Plaintiff Stephen Thaler owns a computer system he calls the “Creativity Machine,” which he claims generated a piece of visual art of its own accord. He sought to register the work for a copyright, listing the computer system as the author and explaining that the copyright should transfer to him as the owner of the machine.
The claim was rejected on account of you can only claim copyright if you are human and an AI does not count as a human - so no AI can claim copyright over a works.
The Copyright Office denied the application on the grounds that the work lacked human authorship,
And he explicitly stated he gave no real input into the work.
Plaintiff requested reconsideration of his application, confirming that the work “was autonomously generated by an AI” and “lack[ed] traditional human authorship,”
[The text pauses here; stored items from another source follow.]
(* Let $R$ be a finite local Frobenius ring with a fixed primitive additive character $\psi$, and let $\tau$ be a non-primitive multiplicative character of $R$. (i) If $\chi$ is a primitive multiplicative character of $R$, then $\sum_{a\in R^\times}\chi(a)K_\tau(a)^2=J(\chi,\chi\tau^2)\,G(\chi\tau)^2$. (ii) If $R$ is not a field and has odd characteristic, and $\chi$ is a non-primitive multiplicative character of $R$, then $$\sum_{a\in R^\times}\chi(a)K_\tau(a)^2=\begin{cases}\tau(-1)\,|R^\times|\,|R| &\text{if }\chi=\overline{\tau}\text{ or }\chi=\sigma\overline{\tau},\\ 0&\text{otherwise.}\end{cases}$$
   Context: All rings are finite and commutative with identity; $R^\times$ is the unit group; $M$ is the maximal ideal. An additive character $(R,+)\to\mathbb{C}^*$ is primitive if the only ideal on which it is identically $1$ is $(0)$; $R$ is Frobenius if such a character exists. A multiplicative character is a homomorphism $R^\times\to\mathbb{C}^*$; its conductor is $R$ if it is trivial, and otherwise the largest ideal $I\subseteq M$ such that it is identically $1$ on $1+I$; it is primitive if its conductor is $(0)$. $K_\tau(a)=\sum_{u\in R^\times}\tau(u)\psi(u+au^{-1})$; $G(\chi)=\sum_{u\in R^\times}\psi(u)\chi(u)$; $J(\chi,\eta)=\sum_{u,v\in R^\times,\,u+v=1}\chi(u)\eta(v)$. Odd characteristic means $R/M$ has odd characteristic; $\sigma$ is the quadratic character $u\mapsto$ quadratic character of the class of $u$ in $R/M$; $\overline\tau$ is the conjugate character. *)

theory Defs
  imports Complex_Main
begin

definition ring_ideal :: "'a::comm_ring_1 set \<Rightarrow> bool" where
  "ring_ideal I \<longleftrightarrow> 0 \<in> I \<and> (\<forall>x\<in>I. \<forall>y\<in>I. x + y \<in> I) \<and> (\<forall>r. \<forall>x\<in>I. r * x \<in> I)"

definition maximal_ideal :: "'a::comm_ring_1 set \<Rightarrow> bool" where
  "maximal_ideal I \<longleftrightarrow> ring_ideal I \<and> I \<noteq> UNIV \<and>
     (\<forall>J. ring_ideal J \<and> I \<subseteq> J \<longrightarrow> J = I \<or> J = UNIV)"

definition local_ring :: "'a::comm_ring_1 itself \<Rightarrow> bool" where
  "local_ring _ \<longleftrightarrow> (\<exists>!M::'a set. maximal_ideal M)"

definition maxid :: "'a::comm_ring_1 set" where
  "maxid = (THE M. maximal_ideal M)"

definition runits :: "'a::comm_ring_1 set" where
  "runits = {u. u dvd 1}"

definition uinv :: "'a::comm_ring_1 \<Rightarrow> 'a" where
  "uinv u = (THE v. u * v = 1)"

definition is_field_ring :: "'a::comm_ring_1 itself \<Rightarrow> bool" where
  "is_field_ring _ \<longleftrightarrow> (\<forall>x::'a. x \<noteq> 0 \<longrightarrow> x dvd 1)"

definition residue_char :: "'a::comm_ring_1 itself \<Rightarrow> nat" where
  "residue_char _ = (LEAST n. n > 0 \<and> (of_nat n :: 'a) \<in> maxid)"

definition additive_char :: "('a::comm_ring_1 \<Rightarrow> complex) \<Rightarrow> bool" where
  "additive_char \<psi> \<longleftrightarrow> (\<forall>x y. \<psi> (x + y) = \<psi> x * \<psi> y) \<and> (\<forall>x. \<psi> x \<noteq> 0)"

definition primitive_additive_char :: "('a::comm_ring_1 \<Rightarrow> complex) \<Rightarrow> bool" where
  "primitive_additive_char \<psi> \<longleftrightarrow> additive_char \<psi> \<and>
     (\<forall>I. ring_ideal I \<and> (\<forall>x\<in>I. \<psi> x = 1) \<longrightarrow> I = {0})"

text \<open>A multiplicative character R^x -> C^*, represented as a function on R that
  vanishes off the units (unique such extension).\<close>
definition mult_char :: "('a::comm_ring_1 \<Rightarrow> complex) \<Rightarrow> bool" where
  "mult_char \<chi> \<longleftrightarrow> (\<forall>u\<in>runits. \<forall>v\<in>runits. \<chi> (u * v) = \<chi> u * \<chi> v)
     \<and> (\<forall>u\<in>runits. \<chi> u \<noteq> 0) \<and> (\<forall>x. x \<notin> runits \<longrightarrow> \<chi> x = 0)"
But that does not mean AI generated work is uncopyrightable like the title claims - only that enough human input needs to be present to be able to claim copyright over any works. We have yet to decide on how much input is required for someone to claim copyright over an AI generated image, which the case clearly states:
Undoubtedly, we are approaching new frontiers in copyright as artists put AI in their toolbox to be used in the generation of new visual and other artistic works. The increased attenuation of human creativity from the actual generation of the final work will prompt challenging questions regarding how much human input is necessary to qualify the user of an AI system as an “author” of a generated work
So AI generated work is not uncopyrightable by the own conclusion of this case. Making the title of this article a complete lie. More cases will likely be done to draw the line as to what really counts as enough human input - this case was not one that does that. Only confirms that non-humans cannot claim copyright over an image. And that you need enough human input for a work to be copyrightable.
How does this work for using ai generated art as part of larger projects e.g. games development? Is the game still copy rightable? Are parts of it protected but others not?
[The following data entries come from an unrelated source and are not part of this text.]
lemma is_tree_splice_out:
  assumes tree: "is_tree S E" and m: "m \<in> neighbours E v"
  shows "is_tree (S - {v}) (splice_out E v m)"
proof -
  let ?E' = "splice_out E v m"
  from tree have fin: "finite S" and sub: "E \<subseteq> complete_edges S"
    and conn: "\<forall>x\<in>S. \<forall>y\<in>S. (x, y) \<in> (adj E)\<^sup>*" and card_E: "card E = card S - 1"
    by (simp_all add: is_tree_def)
  have finE: "finite E"
    using fin sub finite_complete_edges finite_subset by blast
  have mS: "m \<in> S - {v}"
    using neighbours_subset[OF sub] m by blast
  have vS: "v \<in> S"
    using sub m by (rule mem_of_mem_neighbours)
  have sub': "?E' \<subseteq> complete_edges (S - {v})"
    using sub m by (rule splice_out_subset_complete_edges)
  have conn': "\<forall>x\<in>S - {v}. \<forall>y\<in>S - {v}. (x, y) \<in> (adj ?E')\<^sup>*"
    using conn m mS by (intro connected_splice_out) auto
  have "card ?E' < card (S - {v})"
    using card_splice_out_less[OF sub finE m] card_E vS fin by simp
  moreover have "card (S - {v}) \<le> card ?E' + 1"
  proof (rule card_le_card_edges_Suc_if_connected)
    show "finite ?E'"
      using fin sub' by (meson finite_Diff finite_complete_edges finite_subset)
  qed (use conn' mS fin in auto)
  ultimately have "card ?E' = card (S - {v}) - 1"
    by linarith
  with fin mS conn' sub' show ?thesis
    unfolding is_tree_def by blast
qed

section \<open>A central neighbour\<close>

lemma sum_sq_dist_div_le:
  fixes N :: "'a::real_inner set"
  assumes "v \<notin> N"
  shows "(\<Sum>m\<in>N. \<Sum>u\<in>N. (dist m u)\<^sup>2 / (dist m v * dist u v))
    \<le> 2 * (\<Sum>u\<in>N. dist u v) * (\<Sum>u\<in>N. 1 / dist u v)"
proof -
  define a where "a u = dist u v" for u
  define x where "x u = (1 / a u) *\<^sub>R (u - v)" for u
  have term_eq: "(dist m u)\<^sup>2 / (a m * a u) = a m / a u + a u / a m - 2 * inner (x m) (x u)"
    if "m \<in> N" "u \<in> N" for m u
  proof -
    have "a m > 0" "a u > 0" using assms that by (auto simp: a_def)
    moreover have "(dist m u)\<^sup>2 = (a m)\<^sup>2 + (a u)\<^sup>2 - 2 * inner (m - v) (u - v)"
      unfolding a_def dist_norm power2_norm_eq_inner
      by (simp add: inner_diff_left inner_diff_right inner_commute)
    moreover have "inner (x m) (x u) = inner (m - v) (u - v) / (a m * a u)"
      by (simp add: x_def)
    ultimately show ?thesis
      by (simp add: field_simps power2_eq_square)
  qed
  have "(\<Sum>m\<in>N. \<Sum>u\<in>N. (dist m u)\<^sup>2 / (a m * a u))
      = (\<Sum>m\<in>N. \<Sum>u\<in>N. a m / a u + a u / a m - 2 * inner (x m) (x u))"
    by (intro sum.cong refl term_eq)
  also have "\<dots> = (\<Sum>m\<in>N. \<Sum>u\<in>N. a m / a u) + (\<Sum>m\<in>N. \<Sum>u\<in>N. a u / a m)
        - 2 * inner (\<Sum>m\<in>N. x m) (\<Sum>u\<in>N. x u)"
    by (simp add: sum.distrib sum_subtractf sum_distrib_left inner_sum_left inner_sum_right)
      (subst sum.swap, simp add: inner_commute)
  also have "\<dots> \<le> (\<Sum>m\<in>N. \<Sum>u\<in>N. a m / a u) + (\<Sum>m\<in>N. \<Sum>u\<in>N. a u / a m)"
    by simp
  also have "\<dots> = 2 * (\<Sum>u\<in>N. a u) * (\<Sum>u\<in>N. 1 / a u)"
  proof -
    have "(\<Sum>m\<in>N. \<Sum>u\<in>N. a u / a m) = (\<Sum>u\<in>N. 1 / a u) * (\<Sum>u\<in>N. a u)"
      unfolding sum_product by simp
    moreover have "(\<Sum>m\<in>N. \<Sum>u\<in>N. a m / a u) = (\<Sum>m\<in>N. \<Sum>u\<in>N. a u / a m)"
      by (rule sum.swap)
    ultimately show ?thesis by (simp add: mult.commute)
  qed
  finally show ?thesis by (simp add: a_def)
qed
The ai generated portion does not have copy right protection. This also applies within an image. So for instance in an ai generated building image with a human created character in front. People couldn’t copy the character but could use the background.
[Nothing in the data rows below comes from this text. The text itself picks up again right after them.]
(* For every $c\ge0$, the function $x\mapsto g(x;c)/\phi(x)$ is increasing on $(c,\infty)$.
   Context: Let $\phi$ denote the standard normal density. Let $\gamma_0$ be a probability density on $\mathbb{R}$ that is symmetric about $0$ and unimodal, and for $c\in\mathbb{R}$ set $g(x;c)=\int_{-\infty}^{\infty}\phi(x-\mu)\gamma_0(\mu-c)\,d\mu$. *)

theory Defs
  imports "HOL-Probability.Probability"
begin

definition g_mix :: "(real \<Rightarrow> real) \<Rightarrow> real \<Rightarrow> real \<Rightarrow> real" where
  "g_mix \<gamma>0 x c = (\<integral>\<mu>. std_normal_density (x - \<mu>) * \<gamma>0 (\<mu> - c) \<partial>lborel)"

end

theory Submission
  imports Defs
begin

text \<open>
  Dividing by \<open>\<phi>(x)\<close> and substituting \<open>\<mu> = c + t\<close> gives
  \<open>g(x;c)/\<phi>(x) = exp (x c - c\<^sup>2/2) L(x - c)\<close>, where \<open>L\<close> is the Laplace transform of
  \<open>t \<mapsto> exp (-t\<^sup>2/2) \<gamma>\<^sub>0(t)\<close>. The first factor is nondecreasing in \<open>x\<close> because \<open>c \<ge> 0\<close>.
  By symmetry of \<open>\<gamma>\<^sub>0\<close>, \<open>L(a)\<close> is the integral of \<open>cosh (a t) exp (-t\<^sup>2/2) \<gamma>\<^sub>0(t)\<close>, which
  is strictly increasing in \<open>a \<ge> 0\<close> since \<open>\<gamma>\<^sub>0\<close> is not almost everywhere zero.
\<close>

definition gauss_laplace :: "(real \<Rightarrow> real) \<Rightarrow> real \<Rightarrow> real" where
  "gauss_laplace \<gamma> a = (\<integral>t. exp (a * t - t\<^sup>2 / 2) * \<gamma> t \<partial>lborel)"

lemma exp_linear_minus_half_square_le: "exp (a * t - t\<^sup>2 / 2) \<le> exp (a\<^sup>2 / 2 :: real)"
proof -
  have "a * t - t\<^sup>2 / 2 \<le> a\<^sup>2 / 2"
    using sum_squares_ge_zero[of "a - t" 0] by (simp add: power2_eq_square algebra_simps)
  then show ?thesis by simp
qed

lemma integrable_gauss_laplace:
  fixes \<gamma> :: "real \<Rightarrow> real"
  assumes "integrable lborel \<gamma>"
  shows "integrable lborel (\<lambda>t. exp (a * t - t\<^sup>2 / 2) * \<gamma> t)"
proof (rule Bochner_Integration.integrable_bound[where f = "\<lambda>t. exp (a\<^sup>2 / 2) * \<gamma> t"])
  show "integrable lborel (\<lambda>t. exp (a\<^sup>2 / 2) * \<gamma> t)"
    using assms by simp
  have [measurable]: "\<gamma> \<in> borel_measurable lborel"
    using assms by (rule borel_measurable_integrable)
  show "(\<lambda>t. exp (a * t - t\<^sup>2 / 2) * \<gamma> t) \<in> borel_measurable lborel"
    by measurable
  show "AE t in lborel. norm (exp (a * t - t\<^sup>2 / 2) * \<gamma> t) \<le> norm (exp (a\<^sup>2 / 2) * \<gamma> t)"
    using exp_linear_minus_half_square_le[of a] by (auto simp: abs_mult intro!: mult_right_mono)
qed

lemma std_normal_density_shift_div:
  "std_normal_density (x - \<mu>) / std_normal_density x = exp (x * \<mu> - \<mu>\<^sup>2 / 2)"
proof -
  have "std_normal_density (x - \<mu>) / std_normal_density x = exp (- ((x - \<mu>)\<^sup>2) / 2) / exp (- (x\<^sup>2) / 2)"
    by (simp add: std_normal_density_def)
  also have "\<dots> = exp (- ((x - \<mu>)\<^sup>2) / 2 - (- (x\<^sup>2) / 2))"
    by (simp only: exp_diff)
  also have "\<dots> = exp (x * \<mu> - \<mu>\<^sup>2 / 2)"
    by (simp add: power2_eq_square field_simps)
  finally show ?thesis .
qed

lemma g_mix_div_std_normal_density:
  "g_mix \<gamma> x c / std_normal_density x = exp (x * c - c\<^sup>2 / 2) * gauss_laplace \<gamma> (x - c)"
proof -
  have "g_mix \<gamma> x c / std_normal_density x = (\<integral>\<mu>. exp (x * \<mu> - \<mu>\<^sup>2 / 2) * \<gamma> (\<mu> - c) \<partial>lborel)"
    unfolding g_mix_def std_normal_density_shift_div[symmetric] by simp
  also have "\<dots> = (\<integral>t. exp (x * (c + 1 * t) - (c + 1 * t)\<^sup>2 / 2) * \<gamma> (c + 1 * t - c) \<partial>lborel)"
    by (subst lborel_integral_real_affine[where c = 1 and t = c]) auto
  also have "\<dots> = (\<integral>t. exp (x * c - c\<^sup>2 / 2) * (exp ((x - c) * t - t\<^sup>2 / 2) * \<gamma> t) \<partial>lborel)"
    by (rule Bochner_Integration.integral_cong[OF refl])
      (simp add: exp_add[symmetric] power2_eq_square field_simps)
  also have "\<dots> = exp (x * c - c\<^sup>2 / 2) * gauss_laplace \<gamma> (x - c)"
    by (simp add: gauss_laplace_def)
  finally show ?thesis .
qed

lemma gauss_laplace_nonneg:
  assumes "\<And>t. \<gamma> t \<ge> 0"
  shows "gauss_laplace \<gamma> a \<ge> 0"
  unfolding gauss_laplace_def using assms by (intro integral_nonneg_AE) auto

lemma gauss_laplace_minus:
  assumes "\<And>t. \<gamma> (- t) = \<gamma> t"
  shows "gauss_laplace \<gamma> (- a) = gauss_laplace \<gamma> a"
proof -
  have "gauss_laplace \<gamma> a = (\<integral>t. exp (a * (0 + -1 * t) - (0 + -1 * t)\<^sup>2 / 2) * \<gamma> (0 + -1 * t) \<partial>lborel)"
    unfolding gauss_laplace_def by (subst lborel_integral_real_affine[where c = "-1" and t = 0]) auto
  also have "\<dots> = gauss_laplace \<gamma> (- a)"
    by (simp add: gauss_laplace_def assms)
  finally show ?thesis ..
qed

lemma cosh_gauss_split:
  "cosh (a * t) * exp (- t\<^sup>2 / 2) * y
    = (exp (a * t - t\<^sup>2 / 2) * y + exp ((- a) * t - t\<^sup>2 / 2) * y) / (2 :: real)"
proof -
  have "exp (a * t - t\<^sup>2 / 2) = exp (a * t) * exp (- t\<^sup>2 / 2)"
    and "exp ((- a) * t - t\<^sup>2 / 2) = exp (- (a * t)) * exp (- t\<^sup>2 / 2)"
    by (simp_all add: exp_add[symmetric])
  then show ?thesis
    by (simp add: cosh_field_def field_simps)
qed

lemma integrable_cosh_gauss:
  fixes \<gamma> :: "real \<Rightarrow> real"
  assumes "integrable lborel \<gamma>"
  shows "integrable lborel (\<lambda>t. cosh (a * t) * exp (- t\<^sup>2 / 2) * \<gamma> t)"
  unfolding cosh_gauss_split
  using integrable_gauss_laplace[OF assms, of a] integrable_gauss_laplace[OF assms, of "- a"]
  by simp

lemma gauss_laplace_eq_cosh_integral:
  assumes "integrable lborel \<gamma>" "\<And>t. \<gamma> (- t) = \<gamma> t"
  shows "gauss_laplace \<gamma> a = (\<integral>t. cosh (a * t) * exp (- t\<^sup>2 / 2) * \<gamma> t \<partial>lborel)"
proof -
  have "(\<integral>t. cosh (a * t) * exp (- t\<^sup>2 / 2) * \<gamma> t \<partial>lborel)
      = (gauss_laplace \<gamma> a + gauss_laplace \<gamma> (- a)) / 2"
    unfolding cosh_gauss_split
    using integrable_gauss_laplace[OF assms(1), of a] integrable_gauss_laplace[OF assms(1), of "- a"]
    by (simp add: gauss_laplace_def)
  then show ?thesis
    using gauss_laplace_minus[of \<gamma> a] assms(2) by simp
qed

lemma gauss_laplace_strict_mono:
  fixes \<gamma> :: "real \<Rightarrow> real"
  assumes nonneg: "\<And>t. \<gamma> t \<ge> 0"
    and integrable: "integrable lborel \<gamma>"
    and symmetric: "\<And>t. \<gamma> (- t) = \<gamma> t"
    and nonzero: "(\<integral>t. \<gamma> t \<partial>lborel) \<noteq> 0"
  shows "strict_mono_on {0..} (gauss_laplace \<gamma>)"
proof (rule strict_mono_onI)
  fix a b :: real
  assume "a \<in> {0..}" and "a < b"
  define H where "H s t = cosh (s * t) * exp (- t\<^sup>2 / 2) * \<gamma> t" for s t
  have H_integrable: "integrable lborel (H s)" for s
    unfolding H_def using integrable by (rule integrable_cosh_gauss)
  have H_le: "H a t \<le> H b t" for t
  proof -
    have "\<bar>a * t\<bar> \<le> \<bar>b * t\<bar>"
      using \<open>a \<in> {0..}\<close> \<open>a < b\<close> by (simp add: abs_mult mult_right_mono)
    then have "cosh (a * t) \<le> cosh (b * t)"
      by (metis cosh_real_abs cosh_real_nonneg_le_iff abs_ge_zero)
    then show ?thesis
      unfolding H_def using nonneg[of t] by (intro mult_right_mono) auto
  qed
  have H_less: "H a t < H b t" if "t \<noteq> 0" "\<gamma> t \<noteq> 0" for t
  proof -
    have "\<bar>a * t\<bar> < \<bar>b * t\<bar>"
      using \<open>a \<in> {0..}\<close> \<open>a < b\<close> that by (simp add: abs_mult mult_strict_right_mono)
    then have "cosh (a * t) < cosh (b * t)"
      by (metis cosh_real_abs cosh_real_nonneg_less_iff abs_ge_zero)
    then show ?thesis
      unfolding H_def using nonneg[of t] that by (intro mult_strict_right_mono) auto
  qed
  have L_eq: "gauss_laplace \<gamma> s = integral\<^sup>L lborel (H s)" for s
    unfolding H_def using integrable symmetric by (rule gauss_laplace_eq_cosh_integral)
  have "gauss_laplace \<gamma> a \<le> gauss_laplace \<gamma> b"
    unfolding L_eq using H_le H_integrable by (intro integral_mono) auto
  moreover have "gauss_laplace \<gamma> a \<noteq> gauss_laplace \<gamma> b"
  proof
    assume "gauss_laplace \<gamma> a = gauss_laplace \<gamma> b"
    then have "(\<integral>t. H b t - H a t \<partial>lborel) = 0"
      using H_integrable unfolding L_eq by simp
    then have "AE t in lborel. H b t - H a t = 0"
      using H_integrable H_le by (subst (asm) integral_nonneg_eq_0_iff_AE) auto
    then have "AE t in lborel. \<gamma> t = 0"
      using AE_lborel_singleton[of 0] by eventually_elim (use H_less in force)
    then have "(\<integral>t. \<gamma> t \<partial>lborel) = 0"
      by (rule integral_eq_zero_AE)
    with nonzero show False ..
  qed
  ultimately show "gauss_laplace \<gamma> a < gauss_laplace \<gamma> b"
    by simp
qed

theorem lemma1:
  fixes \<gamma>0 :: "real \<Rightarrow> real" and c :: real
  assumes nonneg: "\<And>x. \<gamma>0 x \<ge> 0"
    and integrable: "integrable lborel \<gamma>0"
    and total: "(\<integral>x. \<gamma>0 x \<partial>lborel) = 1"
    and symmetric: "\<And>x. \<gamma>0 (- x) = \<gamma>0 x"
    and unimodal_left: "mono_on {..0} \<gamma>0"
    and unimodal_right: "antimono_on {0..} \<gamma>0"
    and c_nonneg: "c \<ge> 0"
  shows "strict_mono_on {c<..} (\<lambda>x. g_mix \<gamma>0 x c / std_normal_density x)"
proof (rule strict_mono_onI)
  fix x y
  assume "x \<in> {c<..}" "y \<in> {c<..}" "x < y"
  have "strict_mono_on {0..} (gauss_laplace \<gamma>0)"
    using nonneg integrable symmetric total by (intro gauss_laplace_strict_mono) auto
  then have "gauss_laplace \<gamma>0 (x - c) < gauss_laplace \<gamma>0 (y - c)"
    using \<open>x \<in> {c<..}\<close> \<open>x < y\<close> by (auto elim!: strict_mono_onD)
  moreover have "exp (x * c - c\<^sup>2 / 2) \<le> exp (y * c - c\<^sup>2 / 2)"
    using \<open>x < y\<close> c_nonneg by (simp add: mult_right_mono)
  ultimately show "g_mix \<gamma>0 x c / std_normal_density x < g_mix \<gamma>0 y c / std_normal_density y"
    unfolding g_mix_div_std_normal_density
    using gauss_laplace_nonneg[OF nonneg] by (intro mult_le_less_imp_less) auto
qed

end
How will the copyright office know what’s ai generated and what’s not
They’ll have to find the tools that will help them detect AI works. However, the current standard they’ve set is that once they learn its AI generated the work is no longer protected under copyright law.
AI generated portions of things would have copyright per the article. Only wholly-AI-created content is non-copyrightable per this ruling.
The title is a lie if you actually read the case. AI work can be copyrighted if there is enough human input into the work. This case was just about trying to get the AI to claim copyright (which it cannot do as it is not human) and transferring that right to the owner of the AI.
As for cases where the AI work is not under copyright then I believe it would be consider public domain? And thus we already have rules for how that works can be used as part of a greater works.
Well this is going to the Supreme Court I guess.
Beryl Howell was #2 behind Chutkan in the “take no shit about J6” sweepstakes, so I have a soft spot for her.
I largely agree with her decision, but I feel like it’s kind of screwing over all the actual human artists whose work was stolen and incorporated into their models without permission or payment.
I hope somebody whose art was released under the GPL can prove it was used in Stable Diffusion or ChatGPT and sues the fuck out of them.